Afatinib

Chemical formula: C₂₄H₂₅ClFN₅O₃  Molecular mass: 485.938 g/mol  PubChem compound: 10184653

Interactions

Afatinib interacts in the following cases:

BCRP substrates

In vitro studies indicated that afatinib is a substrate and an inhibitor of the transporter BCRP. Afatinib may increase the bioavailability of orally administered BCRP substrates (including but not limited to rosuvastatin and sulfasalazine).

P-gp inducers

Pre-treatment with rifampicin (600 mg once daily for 7 days), a potent inducer of P-gp, decreased the plasma exposure to afatinib by 34% (AUC0-∞) and 22% (Cmax) after administration of a single dose of 40 mg afatinib. Strong P-gp inducers (including but not limited to rifampicin, carbamazepine, phenytoin, phenobarbital or St. John’s wort (Hypericum perforatum)) may decrease exposure to afatinib.

P-glycoprotein (P-gp) inhibitors, BCRP inhibitors

In vitro studies have demonstrated that afatinib is a substrate of P-gp and BCRP. When the strong P-gp and BCRP inhibitor ritonavir (200 mg twice a day for 3 days) was administered 1 hour before a single dose of 20 mg afatinib, exposure to afatinib increased by 48% (area under the curve (AUC0-∞)) and 39% (maximum plasma concentration (Cmax)). In contrast, when ritonavir was administered simultaneously or 6 hours after 40 mg afatinib, the relative bioavailability of afatinib was 119% (AUC0-∞) and 104% (Cmax) and 111% (AUC0-∞) and 105% (Cmax), respectively. Therefore, it is recommended to administer strong P-gp inhibitors (including but not limited to ritonavir, cyclosporine A, ketoconazole, itraconazole, erythromycin, verapamil, quinidine, tacrolimus, nelfinavir, saquinavir, and amiodarone) using staggered dosing, preferably 6 hours or 12 hours apart from afatinib.

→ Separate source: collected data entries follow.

(* Let $n\ge1$ and $\gamma=1$ (so $\beta=2$). There exist no $\ell,R>0$ and $U:[0,R]\to[0,\infty)$, continuous on $[0,R]$ and $C^2$ on $[0,R)$, such that $$U''+\Big(\frac{n-1}{r}-\frac r2\Big)U'+U=1\ \text{ in }(0,R),\quad U(0)=\ell,\ U'(0)=0,\quad U(R)=0,\ (U^{1/2})'(R)=-\frac{\sqrt2}{2}.$$
   Context: $(U^{1/2})'(R)$ is the left derivative at $R$, i.e. $\lim_{r\uparrow R}U^{1/2}(r)/(r-R)$. *)

theory Defs
  imports "HOL-Analysis.Analysis"
begin

end

theory Submission
  imports Defs
begin

text \<open>
  The function \<open>2n - r\<^sup>2\<close> solves the homogeneous equation
  \<open>V'' + ((n - 1)/r - r/2) V' + V = 0\<close>, so the Wronskian \<open>W\<close> of \<open>U - 1\<close> and \<open>2n - r\<^sup>2\<close>
  satisfies Abel's identity \<open>(r\<^bsup>n-1\<^esup> e\<^bsup>-r\<^sup>2/4\<^esup> W)' = 0\<close>. As \<open>U'(0) = 0\<close>, \<open>W\<close> vanishes,
  so near \<open>R\<close> the solution is \<open>U = 1 + c (2n - r\<^sup>2)\<close>, and \<open>U(R) = 0\<close> forces
  \<open>U = c (R\<^sup>2 - r\<^sup>2)\<close> with \<open>c \<noteq> 0\<close>. Such a \<open>U\<close> has a simple zero at \<open>R\<close>, so
  \<open>\<surd>U / (r - R)\<close> diverges; the boundary condition fails for any finite slope.
\<close>

definition radial_weight :: "nat \<Rightarrow> real \<Rightarrow> real" where
  "radial_weight n r = r ^ (n - 1) * exp (- (r\<^sup>2) / 4)"

lemma radial_weight_has_real_derivative:
  assumes "n \<ge> 1" "r > 0"
  shows "(radial_weight n has_real_derivative ((real n - 1) / r - r / 2) * radial_weight n r) (at r)"
proof -
  have power_deriv: "real (n - 1) * r ^ (n - 1 - 1) = (real n - 1) / r * r ^ (n - 1)"
  proof (cases "n = 1")
    case False
    then have "r ^ (n - 1 - 1) * r = r ^ (n - 1)"
      using assms(1) by (intro power_minus_mult) simp
    then show ?thesis
      using assms by (simp add: of_nat_diff field_simps)
  qed simp
  have "(radial_weight n has_real_derivative
          real (n - 1) * r ^ (n - 1 - 1) * exp (- (r\<^sup>2) / 4)
          + r ^ (n - 1) * (exp (- (r\<^sup>2) / 4) * (- (2 * r) / 4))) (at r)"
    unfolding radial_weight_def by (rule derivative_eq_intros refl | simp)+
  then show ?thesis
    unfolding power_deriv radial_weight_def by (simp add: field_simps)
qed

lemma zero_by_integrating_factor:
  fixes E w p :: "real \<Rightarrow> real"
  assumes E_cont: "continuous_on {a..<b} E" and w_cont: "continuous_on {a..<b} w"
    and "w a = 0"
    and E_deriv: "\<And>s. a < s \<Longrightarrow> s < b \<Longrightarrow> (E has_real_derivative p s * E s) (at s)"
    and w_deriv: "\<And>s. a < s \<Longrightarrow> s < b \<Longrightarrow> (w has_real_derivative - p s * w s) (at s)"
    and E_nonzero: "\<And>s. a < s \<Longrightarrow> s < b \<Longrightarrow> E s \<noteq> 0"
    and "a < r" "r < b"
  shows "w r = 0"
proof -
  have "((\<lambda>s. E s * w s) has_real_derivative 0) (at s)" if "a < s" "s < b" for s
    using DERIV_mult'[OF E_deriv w_deriv, OF that that] by simp
  moreover have "continuous_on {a..r} (\<lambda>s. E s * w s)"
    using continuous_on_mult[OF E_cont w_cont] by (rule continuous_on_subset) (use \<open>r < b\<close> in auto)
  ultimately have "E r * w r = E a * w a"
    using \<open>a < r\<close> \<open>r < b\<close> by (intro DERIV_isconst2[of a r]) auto
  then show ?thesis
    using \<open>w a = 0\<close> E_nonzero[OF \<open>a < r\<close> \<open>r < b\<close>] by simp
qed

lemma proportional_if_wronskian_zero:
  fixes f g f' g' :: "real \<Rightarrow> real"
  assumes f_deriv: "\<And>x. x \<in> {a<..<b} \<Longrightarrow> (f has_real_derivative f' x) (at x)"
    and g_deriv: "\<And>x. x \<in> {a<..<b} \<Longrightarrow> (g has_real_derivative g' x) (at x)"
    and g_nonzero: "\<And>x. x \<in> {a<..<b} \<Longrightarrow> g x \<noteq> 0"
    and wronskian: "\<And>x. x \<in> {a<..<b} \<Longrightarrow> f x * g' x = f' x * g x"
  obtains c where "\<And>x. x \<in> {a<..<b} \<Longrightarrow> f x = c * g x"
proof -
  have "((\<lambda>x. f x / g x) has_real_derivative 0) (at x within {a<..<b})" if "x \<in> {a<..<b}" for x
  proof -
    have "((\<lambda>x. f x / g x) has_real_derivative (f' x * g x - f x * g' x) / (g x * g x)) (at x)"
      using f_deriv[OF that] g_deriv[OF that] g_nonzero[OF that] by (rule DERIV_divide)
    then show ?thesis
      using wronskian[OF that] by (simp add: has_field_derivative_at_within)
  qed
  then obtain c where "\<forall>x\<in>{a<..<b}. f x / g x = c"
    using has_field_derivative_zero_constant[OF convex_real_interval(8)] by presburger
  then show ?thesis
    using that g_nonzero by (simp add: field_simps)
qed

lemma radial_wronskian_has_real_derivative:
  fixes U U' U'' :: "real \<Rightarrow> real" and n :: nat
  assumes "(U has_real_derivative U' r) (at r)" "(U' has_real_derivative U'' r) (at r)"
    and ode: "U'' r + ((real n - 1) / r - r / 2) * U' r + U r = 1" and "r \<noteq> 0"
  shows "((\<lambda>s. (U s - 1) * (- 2 * s) - U' s * (2 * real n - s\<^sup>2)) has_real_derivative
           - ((real n - 1) / r - r / 2) * ((U r - 1) * (- 2 * r) - U' r * (2 * real n - r\<^sup>2))) (at r)"
proof -
  define p where "p = (real n - 1) / r - r / 2"
  have U''_eq: "U'' r = 1 - U r - p * U' r"
    using ode unfolding p_def by linarith
  have p_r: "p * r = real n - 1 - r\<^sup>2 / 2"
    using \<open>r \<noteq> 0\<close> unfolding p_def by (simp add: field_simps power2_eq_square)
  have "((\<lambda>s. (U s - 1) * (- 2 * s) - U' s * (2 * real n - s\<^sup>2)) has_real_derivative
          U' r * (- 2 * r) + (U r - 1) * (- 2) - (U'' r * (2 * real n - r\<^sup>2) + U' r * (- 2 * r))) (at r)"
    by (auto intro!: derivative_eq_intros assms(1,2))
  moreover have "U' r * (- 2 * r) + (U r - 1) * (- 2) - (U'' r * (2 * real n - r\<^sup>2) + U' r * (- 2 * r))
      = - p * ((U r - 1) * (- 2 * r) - U' r * (2 * real n - r\<^sup>2))"
    unfolding U''_eq using p_r by algebra
  ultimately show ?thesis
    unfolding p_def by simp
qed

lemma sqrt_quotient_convergent_imp_no_simple_zero:
  fixes U :: "real \<Rightarrow> real"
  assumes "R > 0"
    and U_eq: "eventually (\<lambda>r. U r = c * (R\<^sup>2 - r\<^sup>2)) (at_left R)"
    and slope: "((\<lambda>r. sqrt (U r) / (r - R)) \<longlongrightarrow> L) (at_left R)"
  shows "c = 0"
proof -
  have "((\<lambda>r. (sqrt (U r) / (r - R))\<^sup>2 * (R - r)) \<longlongrightarrow> L\<^sup>2 * (R - R)) (at_left R)"
    by (intro tendsto_intros slope)
  moreover have "eventually (\<lambda>r. (sqrt (U r) / (r - R))\<^sup>2 * (R - r) = \<bar>c\<bar> * (R + r)) (at_left R)"
    using U_eq eventually_at_left_real[OF \<open>R > 0\<close>]
  proof eventually_elim
    case (elim r)
    then have U_r: "U r = c * ((R + r) * (R - r))"
      by (simp add: power2_eq_square algebra_simps)
    \<comment> \<open>\<open>sqrt\<close> is odd on negative arguments, so \<open>(sqrt x)\<^sup>2 = \<bar>x\<bar>\<close> and no sign condition on \<open>U\<close> is needed\<close>
    have "(sqrt (U r))\<^sup>2 = \<bar>c\<bar> * (R + r) * (R - r)"
      unfolding U_r using elim(2) by (simp add: abs_mult power2_eq_square flip: real_sqrt_mult)
    then show ?case
      using elim(2) by (simp add: power_divide power2_commute[of r R]) (simp add: power2_eq_square)
  qed
  ultimately have "((\<lambda>r. \<bar>c\<bar> * (R + r)) \<longlongrightarrow> 0) (at_left R)"
    using Lim_transform_eventually by fastforce
  moreover have "((\<lambda>r. \<bar>c\<bar> * (R + r)) \<longlongrightarrow> \<bar>c\<bar> * (R + R)) (at_left R)"
    by (intro tendsto_intros)
  ultimately have "\<bar>c\<bar> * (R + R) = 0"
    using tendsto_unique[OF trivial_limit_at_left_real] by metis
  then show ?thesis
    using \<open>R > 0\<close> by simp
qed

lemma radial_solution_explicit_near_boundary:
  fixes n :: nat and U U' U'' :: "real \<Rightarrow> real"
  assumes "n \<ge> 1" "R > 0"
    and U_deriv: "\<forall>r\<in>{0..<R}. (U has_real_derivative U' r) (at r within {0..<R})"
    and U'_deriv: "\<forall>r\<in>{0..<R}. (U' has_real_derivative U'' r) (at r within {0..<R})"
    and ode: "\<forall>r\<in>{0<..<R}. U'' r + ((real n - 1) / r - r / 2) * U' r + U r = 1"
    and "U' 0 = 0"
  obtains a c where "a < R" "\<forall>r\<in>{a<..<R}. U r = 1 + c * (2 * real n - r\<^sup>2)"
proof -
  have at_interior: "at r within {0..<R} = at r" if "0 < r" "r < R" for r
    using that by (intro at_within_open_subset[of _ "{0<..<R}"]) auto
  have U_at: "(U has_real_derivative U' r) (at r)"
    and U'_at: "(U' has_real_derivative U'' r) (at r)" if "0 < r" "r < R" for r
    using U_deriv U'_deriv that unfolding at_interior[OF that, symmetric] by simp_all
  define W where "W = (\<lambda>r. (U r - 1) * (- 2 * r) - U' r * (2 * real n - r\<^sup>2))"
  have W_zero: "W r = 0" if "0 < r" "r < R" for r
  proof (rule zero_by_integrating_factor[of 0 R "radial_weight n" W, OF _ _ _ _ _ _ that])
    have "continuous_on {0..<R} U" "continuous_on {0..<R} U'"
      using U_deriv U'_deriv by (auto simp: continuous_on_eq_continuous_within intro: DERIV_continuous)
    then show "continuous_on {0..<R} W"
      unfolding W_def by (intro continuous_intros)
    show "continuous_on {0..<R} (radial_weight n)"
      unfolding radial_weight_def by (intro continuous_intros) auto
    show "W 0 = 0"
      using \<open>U' 0 = 0\<close> by (simp add: W_def)
    fix s assume s: "0 < s" "s < R"
    show "(radial_weight n has_real_derivative ((real n - 1) / s - s / 2) * radial_weight n s) (at s)"
      using \<open>n \<ge> 1\<close> s(1) by (rule radial_weight_has_real_derivative)
    show "(W has_real_derivative - ((real n - 1) / s - s / 2) * W s) (at s)"
      unfolding W_def using U_at[OF s] U'_at[OF s] ode s
      by (intro radial_wronskian_has_real_derivative) auto
    show "radial_weight n s \<noteq> 0"
      using s(1) by (simp add: radial_weight_def)
  qed
  have "eventually (\<lambda>r. r \<in> {0<..<R} \<and> r \<noteq> sqrt (2 * real n)) (at_left R)"
    using eventually_at_left_real[OF \<open>R > 0\<close>] eventually_neq_at_within
    by (rule eventually_conj)
  then obtain a where "a < R" and a: "\<And>r. a < r \<Longrightarrow> r < R \<Longrightarrow> 0 < r \<and> r \<noteq> sqrt (2 * real n)"
    unfolding eventually_at_left[OF \<open>R > 0\<close>] by auto
  obtain c where "\<And>r. r \<in> {a<..<R} \<Longrightarrow> U r - 1 = c * (2 * real n - r\<^sup>2)"
  proof (rule proportional_if_wronskian_zero[where g = "\<lambda>r. 2 * real n - r\<^sup>2" and g' = "\<lambda>r. - 2 * r"])
    fix r assume "r \<in> {a<..<R}"
    then have r: "0 < r" "r < R" "r \<noteq> sqrt (2 * real n)"
      using a by auto
    show "((\<lambda>r. U r - 1) has_real_derivative U' r) (at r)"
      using U_at[OF r(1,2)] by (auto intro!: derivative_eq_intros)
    show "((\<lambda>r. 2 * real n - r\<^sup>2) has_real_derivative - 2 * r) (at r)"
      by (auto intro!: derivative_eq_intros)
    show "2 * real n - r\<^sup>2 \<noteq> 0"
      using r(1,3) real_sqrt_unique[of r "2 * real n"] by auto
    show "(U r - 1) * (- 2 * r) = U' r * (2 * real n - r\<^sup>2)"
      using W_zero[OF r(1,2)] by (simp add: W_def)
  qed blast
  with \<open>a < R\<close> show thesis
    by (intro that[of a c]) (auto simp: algebra_simps)
qed

lemma no_radial_solution_with_sqrt_slope:
  fixes n :: nat and U U' U'' :: "real \<Rightarrow> real"
  assumes "n \<ge> 1" "R > 0"
    and U_cont: "continuous_on {0..R} U"
    and U_deriv: "\<forall>r\<in>{0..<R}. (U has_real_derivative U' r) (at r within {0..<R})"
    and U'_deriv: "\<forall>r\<in>{0..<R}. (U' has_real_derivative U'' r) (at r within {0..<R})"
    and ode: "\<forall>r\<in>{0<..<R}. U'' r + ((real n - 1) / r - r / 2) * U' r + U r = 1"
    and "U' 0 = 0" "U R = 0"
    and slope: "((\<lambda>r. sqrt (U r) / (r - R)) \<longlongrightarrow> L) (at_left R)"
  shows False
proof -
  obtain a c where "a < R" and U_eq: "\<forall>r\<in>{a<..<R}. U r = 1 + c * (2 * real n - r\<^sup>2)"
    using radial_solution_explicit_near_boundary[OF assms(1,2) U_deriv U'_deriv ode \<open>U' 0 = 0\<close>] .
  have near_R: "eventually (\<lambda>r. U r = 1 + c * (2 * real n - r\<^sup>2)) (at_left R)"
    using eventually_at_left_real[OF \<open>a < R\<close>] by eventually_elim (use U_eq in auto)
  have "(U \<longlongrightarrow> U R) (at R within {0..R})"
    using U_cont \<open>R > 0\<close> by (simp add: continuous_on_def)
  then have "(U \<longlongrightarrow> 0) (at_left R)"
    using \<open>R > 0\<close> \<open>U R = 0\<close> by (simp add: at_within_Icc_at_left)
  then have "((\<lambda>r. 1 + c * (2 * real n - r\<^sup>2)) \<longlongrightarrow> 0) (at_left R)"
    using near_R by (rule Lim_transform_eventually)
  moreover have "((\<lambda>r. 1 + c * (2 * real n - r\<^sup>2)) \<longlongrightarrow> 1 + c * (2 * real n - R\<^sup>2)) (at_left R)"
    by (intro tendsto_intros)
  ultimately have boundary: "1 + c * (2 * real n - R\<^sup>2) = 0"
    using tendsto_unique[OF trivial_limit_at_left_real] by metis
  have "eventually (\<lambda>r. U r = c * (R\<^sup>2 - r\<^sup>2)) (at_left R)"
    using near_R by eventually_elim (use boundary in \<open>simp add: algebra_simps\<close>)
  then have "c = 0"
    using \<open>R > 0\<close> slope by (intro sqrt_quotient_convergent_imp_no_simple_zero)
  with boundary show False
    by simp
qed

theorem lemma6p9:
  fixes n :: nat
  assumes "n \<ge> 1"
  shows "\<not> (\<exists>(l::real) (R::real) (U::real \<Rightarrow> real) U' U''.
            l > 0 \<and> R > 0 \<and>
            (\<forall>r\<in>{0..R}. U r \<ge> 0) \<and>
            continuous_on {0..R} U \<and>
            (\<forall>r\<in>{0..<R}. (U has_real_derivative U' r) (at r within {0..<R})) \<and>
            (\<forall>r\<in>{0..<R}. (U' has_real_derivative U'' r) (at r within {0..<R})) \<and>
            continuous_on {0..<R} U'' \<and>
            (\<forall>r\<in>{0<..<R}. U'' r + ((real n - 1) / r - r / 2) * U' r + U r = 1) \<and>
            U 0 = l \<and> U' 0 = 0 \<and> U R = 0 \<and>
            ((\<lambda>r. sqrt (U r) / (r - R)) \<longlongrightarrow> - sqrt 2 / 2) (at_left R))"
  using no_radial_solution_with_sqrt_slope[OF assms] by blast

end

If P-gp inhibitors need to be taken, they should be administered using staggered dosing, i.e. the P-gp inhibitor dose should be taken as far apart in time as possible from the afatinib dose. This means preferably 6 hours (for P-gp inhibitors dosed twice daily) or 12 hours (for P-gp inhibitors dosed once daily) apart from afatinib.

P-gp substrates

Based on in vitro data, afatinib is a moderate inhibitor of P-gp. However, based on clinical data it is considered unlikely that GIOTRIF treatment will result in changes of the plasma concentrations of other P-gp substrates.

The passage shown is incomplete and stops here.